Douglas Maxwell introduces the ALLIANCE's ALISS programme 'volunteer crowdsourcing' initiative.

It’s the final day of Volunteers Week Scotland 2017 and the ALISS Programme wanted to go out with a bang! Today we are launching our new approach to volunteering that will enable everyone to volunteer with ALISS – Volunteer Crowdsourcing. Interested?

A day when it all clicked into place…

You know the feeling, you’re wanting to get an idea down onto paper, thinking about it, trying to plan for it, looking to test it, but you just can’t do it. A piece of the jigsaw is missing and no matter how hard you look or think you just can’t find it. Well for a few weeks that’s been me and it wasn’t until the ALLIANCE conference that I found the missing piece in the lived experience of one person.
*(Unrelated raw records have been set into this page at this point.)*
definition M_op :: "nat \<Rightarrow> nat \<Rightarrow> (complex mat \<Rightarrow> complex mat) \<Rightarrow> complex mat" where
  "M_op d dB S = ptrace_B d dB (mat_abs (choi d dB S))"

definition me_norm :: "nat \<Rightarrow> nat \<Rightarrow> (complex mat \<Rightarrow> complex mat) \<Rightarrow> real" where
  "me_norm d dB S = trace_norm ((1 / of_nat d) \<cdot>\<^sub>m choi d dB S)"

definition density :: "nat \<Rightarrow> complex mat \<Rightarrow> bool" where
  "density n \<rho> \<longleftrightarrow> psd n \<rho> \<and> mtrace \<rho> = 1"

text \<open>Diamond norm: supremum over all finite ancilla dimensions k and states rho on C^d (x) C^k
  (the supremum is attained, i.e. it is the max of the paper).\<close>
definition diamond_norm :: "nat \<Rightarrow> nat \<Rightarrow> (complex mat \<Rightarrow> complex mat) \<Rightarrow> real" where
  "diamond_norm d dB S = Sup {trace_norm (tensor_id d dB k S \<rho>) | k \<rho>. density (d * k) \<rho>}"

definition mat_rank :: "complex mat \<Rightarrow> nat" where
  "mat_rank A = vec_space.rank (dim_row A) A"

end

theory Submission
  imports Defs "Jordan_Normal_Form.Spectral_Radius"
begin

text \<open>
  Let \<open>J\<close> be the Choi operator of \<open>\<Delta> = \<Phi>\<^sub>1 - \<Phi>\<^sub>2\<close>, \<open>M = Tr\<^sub>B |J|\<close>, and \<open>P\<close> the orthogonal
  projection onto the support of \<open>M\<close>, so that \<open>tr P \<le> rank M\<close>. If \<open>M w = 0\<close>, the quadratic
  forms of the positive operator \<open>|J|\<close> at the vectors \<open>|b\<rangle> \<otimes> w\<close> are nonnegative and sum up to
  \<open>\<langle>w|M|w\<rangle> = 0\<close>, so \<open>|J|\<close>, and with it \<open>J\<close>, annihilates them. Hence \<open>J (1 \<otimes> P) = J\<close>, and the
  positive input \<open>(1 \<otimes> P)|\<Omega>\<rangle>\<langle>\<Omega>|(1 \<otimes> P)\<close> of trace \<open>tr P\<close> is mapped by \<open>\<Delta> \<otimes> id\<close> to \<open>J\<close>.
  Normalising this input to a state gives \<open>\<parallel>J\<parallel>\<^sub>1 \<le> tr P \<cdot> \<parallel>\<Delta>\<parallel>\<^sub>\<diamond>\<close>, and dividing by \<open>d\<close> yields
  the claim.
\<close>

section \<open>Adjoints, Hermitian and unitary matrices\<close>

lemma mat_adjoint_dim[simp]:
  "dim_row (mat_adjoint A) = dim_col A" "dim_col (mat_adjoint A) = dim_row A"
  unfolding mat_adjoint_def by (auto simp: mat_of_rows_def)

lemma mat_adjoint_index[simp]:
  "i < dim_col A \<Longrightarrow> j < dim_row A \<Longrightarrow> mat_adjoint A $$ (i,j) = cnj (A $$ (j,i))"
  unfolding mat_adjoint_def by (auto simp: mat_of_rows_def)

lemma mat_adjoint_carrier[simp]: "A \<in> carrier_mat n m \<Longrightarrow> mat_adjoint A \<in> carrier_mat m n"
  unfolding carrier_mat_def by simp

lemma mult_carrier_mat_square[simp]:
  "A \<in> carrier_mat n n \<Longrightarrow> B \<in> carrier_mat n n \<Longrightarrow> A * B \<in> carrier_mat n n"
  by auto

lemma index_mult_mat_sum:
  "A \<in> carrier_mat n m \<Longrightarrow> B \<in> carrier_mat m k \<Longrightarrow> i < n \<Longrightarrow> j < k \<Longrightarrow>
   (A * B) $$ (i,j) = (\<Sum>l<m. A $$ (i,l) * B $$ (l,j))"
  by (auto simp: scalar_prod_def lessThan_atLeast0 intro!: sum.cong)

lemma index_mult_mat_vec_sum:
  "A \<in> carrier_mat n m \<Longrightarrow> v \<in> carrier_vec m \<Longrightarrow> i < n \<Longrightarrow>
   (A *\<^sub>v v) $ i = (\<Sum>j<m. A $$ (i,j) * v $ j)"
  by (auto simp: scalar_prod_def lessThan_atLeast0 intro!: sum.cong)

lemma quadratic_form_sum:
  "A \<in> carrier_mat n n \<Longrightarrow> v \<in> carrier_vec n \<Longrightarrow>
   conjugate v \<bullet> (A *\<^sub>v v) = (\<Sum>i<n. cnj (v $ i) * (\<Sum>j<n. A $$ (i,j) * v $ j))"
  by (auto simp: scalar_prod_def lessThan_atLeast0 index_mult_mat_vec_sum[of _ n n] intro!: sum.cong)

lemma mat_adjoint_mult:
  "(A :: complex mat) \<in> carrier_mat n m \<Longrightarrow> B \<in> carrier_mat m k \<Longrightarrow>
   mat_adjoint (A * B) = mat_adjoint B * mat_adjoint A"
  by (rule eq_matI) (auto simp del: index_mult_mat(1)
      simp: index_mult_mat_sum[of _ k m _ n] index_mult_mat_sum[of _ n m _ k] cnj_sum mult.commute)

lemma mat_adjoint_minus:
  "(A :: complex mat) \<in> carrier_mat n m \<Longrightarrow> B \<in> carrier_mat n m \<Longrightarrow>
   mat_adjoint (A - B) = mat_adjoint A - mat_adjoint B"
  by (rule eq_matI) auto

lemma row_mat_adjoint: "k < dim_col (A :: complex mat) \<Longrightarrow> row (mat_adjoint A) k = conjugate (col A k)"
  by (rule eq_vecI) auto

lemma scalar_prod_mat_adjoint:
  fixes A :: "complex mat"
  assumes "A \<in> carrier_mat n n" "v \<in> carrier_vec n" "y \<in> carrier_vec n"
  shows "conjugate v \<bullet> (A *\<^sub>v y) = conjugate (mat_adjoint A *\<^sub>v v) \<bullet> y"
proof -
  have "conjugate v \<bullet> (A *\<^sub>v y) = (\<Sum>i<n. \<Sum>j<n. cnj (v $ i) * A $$ (i,j) * y $ j)"
    using assms by (auto simp: scalar_prod_def lessThan_atLeast0 index_mult_mat_vec_sum[of _ n n]
        sum_distrib_left mult.assoc intro!: sum.cong)
  also have "\<dots> = (\<Sum>j<n. \<Sum>i<n. cnj (v $ i) * A $$ (i,j) * y $ j)" by (rule sum.swap)
  also have "\<dots> = conjugate (mat_adjoint A *\<^sub>v v) \<bullet> y"
    using assms by (auto simp: scalar_prod_def lessThan_atLeast0 index_mult_mat_vec_sum[of _ n n]
        sum_distrib_left sum_distrib_right cnj_sum mult_ac intro!: sum.cong)
  finally show ?thesis .
qed

definition hermitian :: "nat \<Rightarrow> complex mat \<Rightarrow> bool" where
  "hermitian n A \<longleftrightarrow> A \<in> carrier_mat n n \<and> mat_adjoint A = A"

definition unitary :: "nat \<Rightarrow> complex mat \<Rightarrow> bool" where
  "unitary n U \<longleftrightarrow> U \<in> carrier_mat n n \<and> mat_adjoint U * U = 1\<^sub>m n \<and> U * mat_adjoint U = 1\<^sub>m n"

lemma psd_hermitian: "psd n A \<Longrightarrow> hermitian n A"
  unfolding psd_def hermitian_def by blast

lemma hermitian_minus: "hermitian n A \<Longrightarrow> hermitian n B \<Longrightarrow> hermitian n (A - B)"
  unfolding hermitian_def by (auto simp: mat_adjoint_minus)

lemma hermitian_index: "hermitian n A \<Longrightarrow> i < n \<Longrightarrow> j < n \<Longrightarrow> cnj (A $$ (i,j)) = A $$ (j,i)"
  unfolding hermitian_def by (metis carrier_matD mat_adjoint_index)

lemma unitary_carrier: "unitary n U \<Longrightarrow> U \<in> carrier_mat n n"
  unfolding unitary_def by blast

lemma unitary_mult: assumes "unitary n U" "unitary n V" shows "unitary n (U * V)"
proof -
  have c: "U \<in> carrier_mat n n" "V \<in> carrier_mat n n" "mat_adjoint U \<in> carrier_mat n n"
    "mat_adjoint V \<in> carrier_mat n n" using assms unfolding unitary_def by auto
  have u: "mat_adjoint U * U = 1\<^sub>m n" "U * mat_adjoint U = 1\<^sub>m n"
    "mat_adjoint V * V = 1\<^sub>m n" "V * mat_adjoint V = 1\<^sub>m n" using assms unfolding unitary_def by auto
  have "mat_adjoint (U * V) * (U * V) = mat_adjoint V * (mat_adjoint U * (U * V))"
    using c by (simp add: mat_adjoint_mult[of _ n n _ n] assoc_mult_mat[of _ n n _ n _ n])
  also have "mat_adjoint U * (U * V) = V"
    using assoc_mult_mat[OF c(3) c(1) c(2)] u(1) c(2) by simp
  finally have "mat_adjoint (U * V) * (U * V) = 1\<^sub>m n" using u by simp
  moreover have "(U * V) * mat_adjoint (U * V) = U * (V * (mat_adjoint V * mat_adjoint U))"
    using c by (simp add: mat_adjoint_mult[of _ n n _ n]
        assoc_mult_mat[OF c(1) c(2) mult_carrier_mat[OF c(4) c(3)]])
  moreover have "V * (mat_adjoint V * mat_adjoint U) = mat_adjoint U"
    using assoc_mult_mat[OF c(2) c(4) c(3)] u(4) left_mult_one_mat[OF c(3)] by simp
  ultimately show ?thesis using c u unfolding unitary_def by simp
qed

lemma unitary_adjoint_mult_col:
  assumes "unitary n U" "k < n"
  shows "mat_adjoint U *\<^sub>v col U k = unit_vec n k"
proof -
  have U: "U \<in> carrier_mat n n" "mat_adjoint U * U = 1\<^sub>m n" using assms unfolding unitary_def by auto
  show ?thesis using col_mult2[OF mat_adjoint_carrier[OF U(1)] U(1) assms(2)] U(2) col_one assms(2) by simp
qed

lemma unitary_col_norm:
  assumes "unitary n U" "k < n"
  shows "conjugate (col U k) \<bullet> col U k = 1"
proof -
  have U: "U \<in> carrier_mat n n" "mat_adjoint U * U = 1\<^sub>m n" using assms unfolding unitary_def by auto
  have "(mat_adjoint U * U) $$ (k,k) = conjugate (col U k) \<bullet> col U k"
    using U(1) assms(2) by (simp add: row_mat_adjoint)
  thus ?thesis using U(2) assms(2) by simp
qed

lemma cscalar_prod_smult:
  "v \<in> carrier_vec n \<Longrightarrow> w \<in> carrier_vec n \<Longrightarrow>
   (a \<cdot>\<^sub>v v) \<bullet>c (b \<cdot>\<^sub>v (w :: complex vec)) = a * cnj b * (v \<bullet>c w)"
  by (simp add: conjugate_smult_vec scalar_prod_smult_distrib smult_scalar_prod_distrib)

definition vec_normalize :: "complex vec \<Rightarrow> complex vec" where
  "vec_normalize w = complex_of_real (1 / sqrt (Re (w \<bullet>c w))) \<cdot>\<^sub>v w"

lemma vec_normalize_carrier[simp]: "w \<in> carrier_vec n \<Longrightarrow> vec_normalize w \<in> carrier_vec n"
  by (simp add: vec_normalize_def)

lemma vec_normalize_orthogonal:
  "v \<in> carrier_vec n \<Longrightarrow> w \<in> carrier_vec n \<Longrightarrow> v \<bullet>c w = 0 \<Longrightarrow>
   vec_normalize v \<bullet>c vec_normalize w = 0"
  unfolding vec_normalize_def by (subst cscalar_prod_smult[of _ n]) auto

lemma vec_normalize_norm:
  assumes "w \<in> carrier_vec n" "w \<noteq> 0\<^sub>v n"
  shows "vec_normalize w \<bullet>c vec_normalize w = 1"
proof -
  define s where "s = Re (w \<bullet>c w)"
  have "w \<bullet>c w > 0" using assms by simp
  hence ww: "w \<bullet>c w = complex_of_real s" and s: "s > 0"
    by (auto simp: s_def less_complex_def complex_eq_iff)
  have "vec_normalize w \<bullet>c vec_normalize w
      = complex_of_real (1 / sqrt s) * cnj (complex_of_real (1 / sqrt s)) * complex_of_real s"
    unfolding vec_normalize_def cscalar_prod_smult[OF assms(1) assms(1)] ww s_def[symmetric]
    by (simp only: Re_complex_of_real)
  also have "\<dots> = complex_of_real (1 / sqrt s * (1 / sqrt s) * s)"
    by (simp only: complex_cnj_complex_of_real of_real_mult)
  also have "1 / sqrt s * (1 / sqrt s) * s = 1" using s by (simp add: field_simps)
  finally show ?thesis by simp
qed

lemma unitary_of_orthonormal_cols:
  assumes us: "set us \<subseteq> carrier_vec n" "length us = n"
    and orth: "\<And>i j. i < n \<Longrightarrow> j < n \<Longrightarrow> us ! j \<bullet>c us ! i = (if i = j then 1 else 0)"
  shows "unitary n (mat_of_cols n us)"
proof -
  let ?W = "mat_of_cols n us"
  have W: "?W \<in> carrier_mat n n" using us by (metis mat_of_cols_carrier(1))
  have "mat_adjoint ?W * ?W = 1\<^sub>m n"
  proof (rule eq_matI)
    fix i j assume "i < dim_row (1\<^sub>m n :: complex mat)" "j < dim_col (1\<^sub>m n :: complex mat)"
    hence ij: "i < n" "j < n" by auto
    have "(mat_adjoint ?W * ?W) $$ (i,j) = conjugate (us ! i) \<bullet> us ! j"
      using ij us W by (simp add: row_mat_adjoint col_mat_of_cols subsetD)
    also have "\<dots> = us ! j \<bullet>c us ! i"
      using ij us by (intro comm_scalar_prod[of _ n]) (auto simp: subsetD)
    finally show "(mat_adjoint ?W * ?W) $$ (i,j) = 1\<^sub>m n $$ (i,j)" using orth[OF ij] ij by simp
  qed (use W in auto)
  moreover hence "?W * mat_adjoint ?W = 1\<^sub>m n"
    using mat_mult_left_right_inverse[OF mat_adjoint_carrier[OF W] W] by simp
  ultimately show ?thesis using W unfolding unitary_def by simp
qed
I met Derek at a session on homelessness and its impact on health and it was his inspirational and articulate words that finally made me see and feel the missing part of my jigsaw. You can, no, in fact, you must hear his story here… but it was one thing he said that allowed my own thoughts to combine and fall into place. He was asked why, after years of homelessness and mental and physical pain, he walked through the doors of the Glasgow Homelessness Network (GHN) office? His reply was he’d seen an advert for GHN with the words “by the community, for the community”. Finally, these were the words that I was looking for, the last piece of my jigsaw!

But it’s easy to say words, the real effort comes in delivering and that’s why we’ll take Derek’s words and use them as a principle for ALISS. We’ll use the principle; that people in a community are best placed to know what’s best for that community, in the development of our new approach to finding and sharing great local information that supports health and wellbeing. Because the reality is that people’s lives can be positively impacted by having access to information that’s up to date, easily accessible, easily understood and relevant to their needs and aspirations. ALISS is the way to create the link between people’s needs, their strengths and their local community or community of interest. Our new volunteering programme seeks to bring all this together.

Now I’ve a confession to make here, we’re going to use a method that’s tried and tested, where a community of passionate and considerate people get together and care about up to date, accessible and easily understood information. Now you may have heard of Wikipedia, and if not, it’s just the biggest and most successful collaboration of global citizens who have volunteered their time and energy to make sure that the information they care about is as best as it can be. This voluntary crowdsourcing of information and knowledge is not the future, it’s here. You just need to check out websites like BBC microvolunteering and Galaxy Zoo to see that this approach is becoming the new norm in volunteering. That’s why we’re launching our new approach to volunteering.

Our volunteer crowdsourcing programme will:

  • Make it easy to volunteer; if you only have 5 minutes spare you can help your community by “adding great local activities and services that mean something to you and you would love other people to know about”.
  • Value the principle that the people who work in local activities and services and the people who use them are the best people to know about them.
  • Offer you different ways to contribute to your local community.

But most important is that by opening up the information on services and activities that can help you live well we get a wider range of views on the quality and suitability of the activities on ALISS and get real local experience to help make the information the best it can be. So if you’re asking yourself the question; how will they get people to volunteer to help keep local information up to date?

Let me describe my volunteering: I volunteer to help keep local information up to date and I spend between 10 – 30 minutes each week volunteering. I volunteer on the train, at home or anywhere I choose; I volunteer for Google Maps as a “Local Guide”. I check and update local information in and around Falkirk. Why? Because I want people who use Google Maps to discover the places that I like. So when you realise that today there are 17,500 “Edinburgh Local Guides” or let’s just call them what they really are, volunteers helping Google Maps keep local information up to date I see real possibilities for ALISS and our passion to help make great local information open to all.